- **The problem**: Only the lines from the one containing "y = (\<Sum>l" to the end of the records belong in the output; print them exactly.

- **Available data**:
(* Let $p_{\mathcal{M}}$ be a probability distribution over a set $\mathcal{M}$ of Markov decision processes $m=(\mathcal{S}_m,\mathcal{A},r_m,\mathcal{P}_m,\rho_m,\gamma)$ with common action space $\mathcal{A}$ and common discount factor $\gamma\in(0,1)$, let $\mathcal{M}_{\mathrm{train}}\subset\mathcal{M}$ with $M=\int_{\mathcal{M}_{\mathrm{train}}}p_{\mathcal{M}}(m)\,\mathrm{d}m>0$ and $p_{\mathcal{M}_{\mathrm{train}}}(m)=p_{\mathcal{M}}(m)\mathbb{I}(m\in\mathcal{M}_{\mathrm{train}})/M$. Assume each state of $m$ is written $s=\phi_m(u)$ with $u$ in a set $\mathcal{U}$ independent of $m$ and $\phi_m:\mathcal{U}\to\mathcal{S}_m$. Let $\pi,\tilde\pi$ be any two policies and $A_{\max}=\max_{m,s,a}|A_m^{\pi}(s,a)|$. Then $$\eta(\tilde\pi)=\eta(\pi)+\mathbb{E}_{m\sim p_{\mathcal{M}_{\mathrm{train}}},\,s\sim\rho^m_{\tilde\pi},\,a\sim\tilde\pi(\cdot|s)}\left[A_m^\pi(s,a)\right],$$ and $$\eta(\tilde\pi)\geq L_\pi(\tilde\pi)-\frac{4\gamma A_{\max}}{(1-\gamma)^2}\,\mathbb{E}_{m\sim p_{\mathcal{M}_{\mathrm{train}}}}\left\{\max_{u\in\mathcal{U}}D_{\mathrm{TV}}\left[\pi(\cdot|\phi_m(u)),\tilde\pi(\cdot|\phi_m(u))\right]^2\right\},$$ where $L_\pi(\tilde\pi)=\eta(\pi)+\mathbb{E}_{m\sim p_{\mathcal{M}_{\mathrm{train}}},\,s\sim\rho^m_{\pi},\,a\sim\tilde\pi(\cdot|s)}\left[A_m^\pi(s,a)\right]$.
   Context: State and action spaces are discrete. A policy $\pi$ assigns to each state $s$ a distribution $\pi(\cdot|s)$ on $\mathcal{A}$. In MDP $m$: $Q_m^\pi(s_t,a_t)=\mathbb{E}\left[\sum_{k\ge0}\gamma^k r_m(s_{t+k},a_{t+k})\right]$ (trajectory continued under $\pi$ and $\mathcal{P}_m$), $V_m^\pi(s)=\mathbb{E}_{a\sim\pi(\cdot|s)}[Q_m^\pi(s,a)]$, $A_m^\pi=Q_m^\pi-V_m^\pi$. The training objective is $\eta(\pi)=\mathbb{E}_{m\sim p_{\mathcal{M}_{\mathrm{train}}}}\mathbb{E}_{\tau_m\sim\pi}\left[\sum_{t\ge0}\gamma^t r_m(s_t^m,a_t^m)\right]$ with $s_0^m\sim\rho_m$, $a_t^m\sim\pi(\cdot|s_t^m)$, $s_{t+1}^m\sim\mathcal{P}_m(\cdot|s_t^m,a_t^m)$. The unnormalized discounted visitation frequency is $\rho^m_\pi(s)=\sum_{t\ge0}\gamma^t\,\mathbb{P}(s_t^m=s\mid m,\pi)$, and "$s\sim\rho_\pi^m$" denotes expectation weighted by it. $D_{\mathrm{TV}}$ is total variation distance. *)

theory Defs
  imports "HOL-Probability.Probability"
begin
(* Let $s_{1}, s_{2}, p_{1}, p_{2}, m, k \in \mathbb N$ with $m \geq s_{1}+s_{2}-1$. Then \begin{align*} \sum_{n=1}^\infty\frac{(-1)^{n+1}H_n^{(p_{1},s_{1})}H_n^{(p_{2},s_{2})}}{n^{m}\binom{n+k}{k}} &=\sum_{\ell_{1}=0}^{s_{1}-1}\sum_{t_{1}=0}^{s_{1}-1-\ell_{1}} \sum_{\ell_{2}=0}^{s_{2}-1}\sum_{t_{2}=0}^{s_{2}-1-\ell_{2}}a(s_{1},\ell_{1},t_{1})a(s_{2},\ell_{2},t_{2})\\ &\quad \times \sum_{r=1}^{k}(-1)^{r+1} r \binom{k}{r}\, T(p_{1}-\ell_{1},p_{2}-\ell_{2},m-t_{1}-t_{2},1,r,1)\,, \end{align*} where $T(q_1,q_2,u,1,r,1)=\sum_{n=1}^\infty\frac{(-1)^{n+1}H_n^{(q_{1})}H_n^{(q_{2})}}{n^{u}(n+r)}$. Consequently this sum can be expressed in terms of classical (alternating) Euler sums, zeta values and generalized (alternating) harmonic numbers.
   Context: $\mathbb N=\{1,2,\dots\}$. For $n\in\mathbb N_0$ and $q\in\mathbb N$, $H_n^{(q)}=\sum_{j=1}^n j^{-q}$; for an integer $q\ge 0$, $H_n^{(-q)}$ denotes $\sum_{\ell=1}^n \ell^{q}$ (so $H_n^{(0)}=n$). Generalized hyperharmonic numbers: $H_n^{(p,1)}=H_n^{(p)}$, $H_n^{(p,r)}=\sum_{j=1}^n H_j^{(p,r-1)}$ for $r\ge2$. For $q_1,q_2\in\mathbb Z$, $u\in\mathbb N_0$, $r\in\mathbb N$, $T(q_{1},q_{2},u,1,r,1):=\sum_{n=1}^\infty\frac{(-1)^{n+1}H_n^{(q_{1})}H_n^{(q_{2})}}{n^{u}(n+r)}$. Bernoulli numbers $B_j^{+}$: $\frac{x}{1-e^{-x}}=\sum_{j\ge0}B_j^{+}\frac{x^j}{j!}$. The rational coefficients $a(r,m,j)$ ($r\in\mathbb N$, $0\le m\le r-1$, $0\le j\le r-1-m$) are defined by $a(1,0,0)=1$ and, for $r\ge1$: $a(r+1,r,0)=-\sum_{m=0}^{r-1} \frac{a(r,m,r-m-1)}{r-m}$; $a(r+1,m,\ell)=\sum_{j=\ell-1}^{r-1-m} \frac{a(r,m,j)}{j+1} \binom{j+1}{j-\ell+1}B_{j-\ell+1}^{+}$ for $0\leq m \leq r-1$, $1\leq \ell \leq r-m$; $a(r+1,m,0)=-\sum_{y=0}^{m} \sum_{j=\max\{0, m-y-1\}}^{r-1-y}a(r,y,j)D(r,m,j,y)$ for $0\leq m \leq r-1$, where $D(r,m,j,y)=\sum_{\ell=\max\{0, m-y-1\}}^{j} \frac{1}{j+1} \binom{j+1}{j-\ell}B_{j-\ell}^{+}\binom{\ell+1}{m-y}(-1)^{1+\ell-m+y}$. (These satisfy the known identity $H_n^{(p,r)}=\sum_{m=0}^{r-1}\sum_{j=0}^{r-1-m}a(r,m,j)n^jH_n^{(p-m)}$ for all $n,p\in\mathbb N$.) *)

theory Defs
  imports "HOL-Analysis.Analysis" "HOL-Computational_Algebra.Formal_Power_Series"
begin

definition bernoulli_plus :: "nat \<Rightarrow> real" where
  "bernoulli_plus j = fact j * fps_nth (fps_X / (1 - fps_exp (-1))) j"

definition harm :: "int \<Rightarrow> nat \<Rightarrow> real" where
  "harm q n = (\<Sum>j=1..n. (real j) powi (- q))"

fun hyperharm :: "nat \<Rightarrow> nat \<Rightarrow> nat \<Rightarrow> real" where
  "hyperharm p 0 n = 0"
| "hyperharm p (Suc 0) n = harm (int p) n"
| "hyperharm p (Suc (Suc r)) n = (\<Sum>j=1..n. hyperharm p (Suc r) j)"

definition Dcoef :: "nat \<Rightarrow> nat \<Rightarrow> nat \<Rightarrow> nat \<Rightarrow> real" where
  "Dcoef r m j y = (\<Sum>l = m - y - 1 .. j.
      1 / real (j + 1) * real ((j + 1) choose (j - l)) * bernoulli_plus (j - l)
      * real ((l + 1) choose (m - y)) * (-1) ^ (1 + l + y - m))"

text \<open>The coefficients a(r,m,j); set to 0 outside their domain
  (r >= 1, m <= r-1, j <= r-1-m).\<close>
fun acoef :: "nat \<Rightarrow> nat \<Rightarrow> nat \<Rightarrow> real" where
  "acoef 0 m l = 0"
| "acoef (Suc 0) m l = (if m = 0 \<and> l = 0 then 1 else 0)"
| "acoef (Suc (Suc r)) m l =
     (if m = Suc r \<and> l = 0 then
        - (\<Sum>mm < Suc r. acoef (Suc r) mm (Suc r - mm - 1) / real (Suc r - mm))
      else if m < Suc r \<and> 1 \<le> l \<and> l \<le> Suc r - m then
        (\<Sum>j = l - 1 .. Suc r - 1 - m. acoef (Suc r) m j / real (j + 1)
            * real ((j + 1) choose (j + 1 - l)) * bernoulli_plus (j + 1 - l))
      else if m < Suc r \<and> l = 0 then
        - (\<Sum>y = 0 .. m. \<Sum>j = m - y - 1 .. Suc r - 1 - y.
              acoef (Suc r) y j * Dcoef (Suc r) m j y)
      else 0)"

definition Tsum :: "int \<Rightarrow> int \<Rightarrow> nat \<Rightarrow> nat \<Rightarrow> real" where
  "Tsum q1 q2 u r = (\<Sum>n. (-1) ^ (Suc n + 1) * harm q1 (Suc n) * harm q2 (Suc n)
                          / (real (Suc n) ^ u * real (Suc n + r)))"

end

theory Submission
  imports Defs
begin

- **Answer for this exercise**:
  "Dcoef r m j y = (\<Sum>l = m - y - 1 .. j.
      1 / real (j + 1) * real ((j + 1) choose (j - l)) * bernoulli_plus (j - l)
      * real ((l + 1) choose (m - y)) * (-1) ^ (1 + l + y - m))"

text \<open>The coefficients a(r,m,j); set to 0 outside their domain
  (r >= 1, m <= r-1, j <= r-1-m).\<close>
fun acoef :: "nat \<Rightarrow> nat \<Rightarrow> nat \<Rightarrow> real" where
  "acoef 0 m l = 0"
| "acoef (Suc 0) m l = (if m = 0 \<and> l = 0 then 1 else 0)"
| "acoef (Suc (Suc r)) m l =
     (if m = Suc r \<and> l = 0 then
        - (\<Sum>mm < Suc r. acoef (Suc r) mm (Suc r - mm - 1) / real (Suc r - mm))
      else if m < Suc r \<and> 1 \<le> l \<and> l \<le> Suc r - m then
        (\<Sum>j = l - 1 .. Suc r - 1 - m. acoef (Suc r) m j / real (j + 1)
            * real ((j + 1) choose (j + 1 - l)) * bernoulli_plus (j + 1 - l))
      else if m < Suc r \<and> l = 0 then
        - (\<Sum>y = 0 .. m. \<Sum>j = m - y - 1 .. Suc r - 1 - y.
              acoef (Suc r) y j * Dcoef (Suc r) m j y)
      else 0)"

definition Tsum :: "int \<Rightarrow> int \<Rightarrow> nat \<Rightarrow> nat \<Rightarrow> real" where
  "Tsum q1 q2 u r = (\<Sum>n. (-1) ^ (Suc n + 1) * harm q1 (Suc n) * harm q2 (Suc n)
                          / (real (Suc n) ^ u * real (Suc n + r)))"

end

theory Submission
  imports Defs
begin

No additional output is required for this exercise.